→ **REQUIRED WORK**
Work out how many lines of the material below contain the word "where", then write that number alone.

→ **EXERCISE MATERIAL**
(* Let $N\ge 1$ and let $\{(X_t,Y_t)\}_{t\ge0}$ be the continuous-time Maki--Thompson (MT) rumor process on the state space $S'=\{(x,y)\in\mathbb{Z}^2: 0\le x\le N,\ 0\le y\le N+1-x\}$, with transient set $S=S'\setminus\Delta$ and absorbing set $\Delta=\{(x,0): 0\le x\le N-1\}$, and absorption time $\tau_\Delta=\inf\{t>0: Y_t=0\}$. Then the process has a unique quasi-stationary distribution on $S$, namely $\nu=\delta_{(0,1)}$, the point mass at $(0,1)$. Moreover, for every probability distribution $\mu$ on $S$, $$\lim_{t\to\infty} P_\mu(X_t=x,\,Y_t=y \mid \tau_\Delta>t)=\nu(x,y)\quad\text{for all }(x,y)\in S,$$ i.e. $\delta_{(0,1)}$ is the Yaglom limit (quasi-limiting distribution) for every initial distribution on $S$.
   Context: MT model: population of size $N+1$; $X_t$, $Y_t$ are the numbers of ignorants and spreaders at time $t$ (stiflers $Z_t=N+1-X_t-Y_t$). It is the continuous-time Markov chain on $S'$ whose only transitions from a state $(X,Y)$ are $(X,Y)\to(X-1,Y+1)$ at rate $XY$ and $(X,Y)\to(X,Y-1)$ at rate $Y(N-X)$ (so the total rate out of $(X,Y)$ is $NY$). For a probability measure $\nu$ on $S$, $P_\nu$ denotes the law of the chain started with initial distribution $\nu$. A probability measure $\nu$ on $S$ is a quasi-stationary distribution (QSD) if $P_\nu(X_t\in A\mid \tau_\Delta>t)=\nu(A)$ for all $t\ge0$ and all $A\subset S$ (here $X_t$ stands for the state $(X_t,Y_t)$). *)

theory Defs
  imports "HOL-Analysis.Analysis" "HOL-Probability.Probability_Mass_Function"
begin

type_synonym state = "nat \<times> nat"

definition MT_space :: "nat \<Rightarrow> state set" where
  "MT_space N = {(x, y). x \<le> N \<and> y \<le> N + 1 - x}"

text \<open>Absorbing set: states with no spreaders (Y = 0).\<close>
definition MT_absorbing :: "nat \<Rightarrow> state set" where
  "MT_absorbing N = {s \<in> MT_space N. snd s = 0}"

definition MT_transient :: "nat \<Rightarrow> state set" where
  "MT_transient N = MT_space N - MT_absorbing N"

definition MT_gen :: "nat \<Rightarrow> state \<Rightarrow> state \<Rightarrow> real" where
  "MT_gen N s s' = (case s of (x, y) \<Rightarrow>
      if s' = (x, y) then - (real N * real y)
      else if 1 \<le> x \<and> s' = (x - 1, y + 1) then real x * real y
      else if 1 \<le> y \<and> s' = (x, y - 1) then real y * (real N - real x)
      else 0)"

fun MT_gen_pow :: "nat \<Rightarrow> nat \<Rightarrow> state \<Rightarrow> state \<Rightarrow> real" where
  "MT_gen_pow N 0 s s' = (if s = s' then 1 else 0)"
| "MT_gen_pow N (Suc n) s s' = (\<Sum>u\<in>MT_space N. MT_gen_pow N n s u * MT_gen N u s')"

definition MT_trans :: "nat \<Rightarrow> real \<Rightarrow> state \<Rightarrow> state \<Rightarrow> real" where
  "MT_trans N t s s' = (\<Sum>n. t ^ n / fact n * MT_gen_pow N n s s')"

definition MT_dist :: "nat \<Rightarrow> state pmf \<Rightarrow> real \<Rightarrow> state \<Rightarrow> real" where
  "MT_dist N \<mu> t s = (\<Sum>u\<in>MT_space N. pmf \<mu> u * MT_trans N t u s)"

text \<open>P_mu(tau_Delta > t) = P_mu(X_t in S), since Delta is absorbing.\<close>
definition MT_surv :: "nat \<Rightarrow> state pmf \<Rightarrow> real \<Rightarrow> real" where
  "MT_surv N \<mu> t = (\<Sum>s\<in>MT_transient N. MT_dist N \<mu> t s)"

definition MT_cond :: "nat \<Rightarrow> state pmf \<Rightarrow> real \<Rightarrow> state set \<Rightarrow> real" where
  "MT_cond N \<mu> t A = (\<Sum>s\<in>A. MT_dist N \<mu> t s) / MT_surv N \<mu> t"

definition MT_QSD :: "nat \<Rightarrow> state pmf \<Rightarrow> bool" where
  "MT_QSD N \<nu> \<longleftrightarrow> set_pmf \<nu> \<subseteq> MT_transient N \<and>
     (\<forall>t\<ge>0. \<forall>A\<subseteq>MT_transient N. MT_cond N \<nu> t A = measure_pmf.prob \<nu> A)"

...

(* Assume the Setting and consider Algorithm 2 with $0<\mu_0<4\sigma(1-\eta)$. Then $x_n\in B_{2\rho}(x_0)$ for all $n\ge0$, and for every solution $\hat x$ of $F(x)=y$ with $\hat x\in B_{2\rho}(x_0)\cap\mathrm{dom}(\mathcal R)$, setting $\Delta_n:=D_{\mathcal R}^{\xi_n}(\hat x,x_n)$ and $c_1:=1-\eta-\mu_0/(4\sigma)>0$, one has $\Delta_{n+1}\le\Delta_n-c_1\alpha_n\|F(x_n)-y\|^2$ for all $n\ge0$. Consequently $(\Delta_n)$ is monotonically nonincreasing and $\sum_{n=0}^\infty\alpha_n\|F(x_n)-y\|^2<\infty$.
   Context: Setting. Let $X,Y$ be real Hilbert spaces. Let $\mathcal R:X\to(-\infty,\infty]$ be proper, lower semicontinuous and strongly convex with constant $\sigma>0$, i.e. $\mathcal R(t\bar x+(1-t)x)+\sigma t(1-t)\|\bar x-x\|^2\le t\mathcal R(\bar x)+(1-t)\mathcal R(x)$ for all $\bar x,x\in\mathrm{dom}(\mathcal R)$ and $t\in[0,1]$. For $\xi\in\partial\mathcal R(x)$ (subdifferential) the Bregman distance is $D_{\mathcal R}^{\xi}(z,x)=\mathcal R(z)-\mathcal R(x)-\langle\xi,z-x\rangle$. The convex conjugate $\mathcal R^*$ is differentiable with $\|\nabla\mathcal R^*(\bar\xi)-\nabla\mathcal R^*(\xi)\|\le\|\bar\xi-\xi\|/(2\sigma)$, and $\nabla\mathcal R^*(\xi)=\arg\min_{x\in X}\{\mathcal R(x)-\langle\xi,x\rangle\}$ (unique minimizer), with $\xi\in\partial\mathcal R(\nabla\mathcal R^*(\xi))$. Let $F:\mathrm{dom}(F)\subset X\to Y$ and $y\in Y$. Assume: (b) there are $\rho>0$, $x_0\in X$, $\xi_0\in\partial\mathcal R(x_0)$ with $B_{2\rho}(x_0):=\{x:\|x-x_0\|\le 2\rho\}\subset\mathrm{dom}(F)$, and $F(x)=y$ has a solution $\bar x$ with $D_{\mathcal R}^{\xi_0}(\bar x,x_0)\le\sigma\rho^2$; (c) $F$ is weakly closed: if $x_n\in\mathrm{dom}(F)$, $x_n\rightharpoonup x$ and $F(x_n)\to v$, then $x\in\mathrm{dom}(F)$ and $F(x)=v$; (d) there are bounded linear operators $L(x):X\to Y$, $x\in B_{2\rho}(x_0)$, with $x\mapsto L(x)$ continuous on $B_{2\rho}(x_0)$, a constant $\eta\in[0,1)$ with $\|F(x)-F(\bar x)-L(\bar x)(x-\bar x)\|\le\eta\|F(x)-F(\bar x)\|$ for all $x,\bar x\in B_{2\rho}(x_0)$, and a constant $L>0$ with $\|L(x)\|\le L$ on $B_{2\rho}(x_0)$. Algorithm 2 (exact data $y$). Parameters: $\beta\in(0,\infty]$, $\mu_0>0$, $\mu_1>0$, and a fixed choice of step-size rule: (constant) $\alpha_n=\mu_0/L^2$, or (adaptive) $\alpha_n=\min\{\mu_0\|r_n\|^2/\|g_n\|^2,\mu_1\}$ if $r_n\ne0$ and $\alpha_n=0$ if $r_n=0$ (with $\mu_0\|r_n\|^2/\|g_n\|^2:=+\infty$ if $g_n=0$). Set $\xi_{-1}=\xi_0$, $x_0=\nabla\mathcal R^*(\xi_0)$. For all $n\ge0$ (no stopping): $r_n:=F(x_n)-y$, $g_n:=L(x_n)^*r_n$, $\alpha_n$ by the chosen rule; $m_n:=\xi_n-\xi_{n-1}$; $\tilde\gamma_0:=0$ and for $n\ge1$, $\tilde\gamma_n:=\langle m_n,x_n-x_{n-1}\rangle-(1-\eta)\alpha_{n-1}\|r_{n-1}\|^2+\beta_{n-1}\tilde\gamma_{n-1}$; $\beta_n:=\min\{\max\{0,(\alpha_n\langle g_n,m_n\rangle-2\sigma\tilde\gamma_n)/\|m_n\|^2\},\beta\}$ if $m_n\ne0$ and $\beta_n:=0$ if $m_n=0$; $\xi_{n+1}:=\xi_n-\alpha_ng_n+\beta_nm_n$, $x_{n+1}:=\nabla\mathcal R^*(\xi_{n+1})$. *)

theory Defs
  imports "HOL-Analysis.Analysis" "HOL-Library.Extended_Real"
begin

---

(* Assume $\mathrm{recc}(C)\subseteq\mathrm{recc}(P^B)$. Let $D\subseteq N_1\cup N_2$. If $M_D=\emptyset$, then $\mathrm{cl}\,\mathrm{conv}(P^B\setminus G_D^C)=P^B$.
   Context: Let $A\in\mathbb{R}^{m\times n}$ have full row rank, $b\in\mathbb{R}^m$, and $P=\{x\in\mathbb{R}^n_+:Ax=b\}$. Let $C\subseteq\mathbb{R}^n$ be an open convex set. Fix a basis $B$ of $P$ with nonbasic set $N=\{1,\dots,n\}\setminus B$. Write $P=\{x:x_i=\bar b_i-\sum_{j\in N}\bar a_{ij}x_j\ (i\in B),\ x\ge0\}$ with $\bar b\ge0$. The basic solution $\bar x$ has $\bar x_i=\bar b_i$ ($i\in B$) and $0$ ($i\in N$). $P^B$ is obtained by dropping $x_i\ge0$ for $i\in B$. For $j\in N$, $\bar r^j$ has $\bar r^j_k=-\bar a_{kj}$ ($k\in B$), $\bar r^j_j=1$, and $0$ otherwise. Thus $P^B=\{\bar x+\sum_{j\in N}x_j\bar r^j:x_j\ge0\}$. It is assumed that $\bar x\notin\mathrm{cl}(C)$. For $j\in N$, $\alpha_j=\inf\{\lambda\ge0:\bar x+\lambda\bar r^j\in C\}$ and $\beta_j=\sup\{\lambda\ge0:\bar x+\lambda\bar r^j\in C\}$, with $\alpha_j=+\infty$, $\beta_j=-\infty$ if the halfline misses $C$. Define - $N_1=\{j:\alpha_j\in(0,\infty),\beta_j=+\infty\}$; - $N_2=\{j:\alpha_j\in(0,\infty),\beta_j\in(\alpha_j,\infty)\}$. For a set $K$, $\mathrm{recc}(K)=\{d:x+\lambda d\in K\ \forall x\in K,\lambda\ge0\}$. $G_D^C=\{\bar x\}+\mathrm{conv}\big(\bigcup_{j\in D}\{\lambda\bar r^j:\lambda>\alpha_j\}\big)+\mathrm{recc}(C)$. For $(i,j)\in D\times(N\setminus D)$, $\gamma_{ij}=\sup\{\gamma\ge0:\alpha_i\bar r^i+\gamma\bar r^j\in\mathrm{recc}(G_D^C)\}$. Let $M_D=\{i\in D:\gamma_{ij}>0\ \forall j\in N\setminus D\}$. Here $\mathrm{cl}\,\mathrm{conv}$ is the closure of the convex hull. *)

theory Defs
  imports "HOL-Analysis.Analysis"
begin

→ **RESPONSE**
10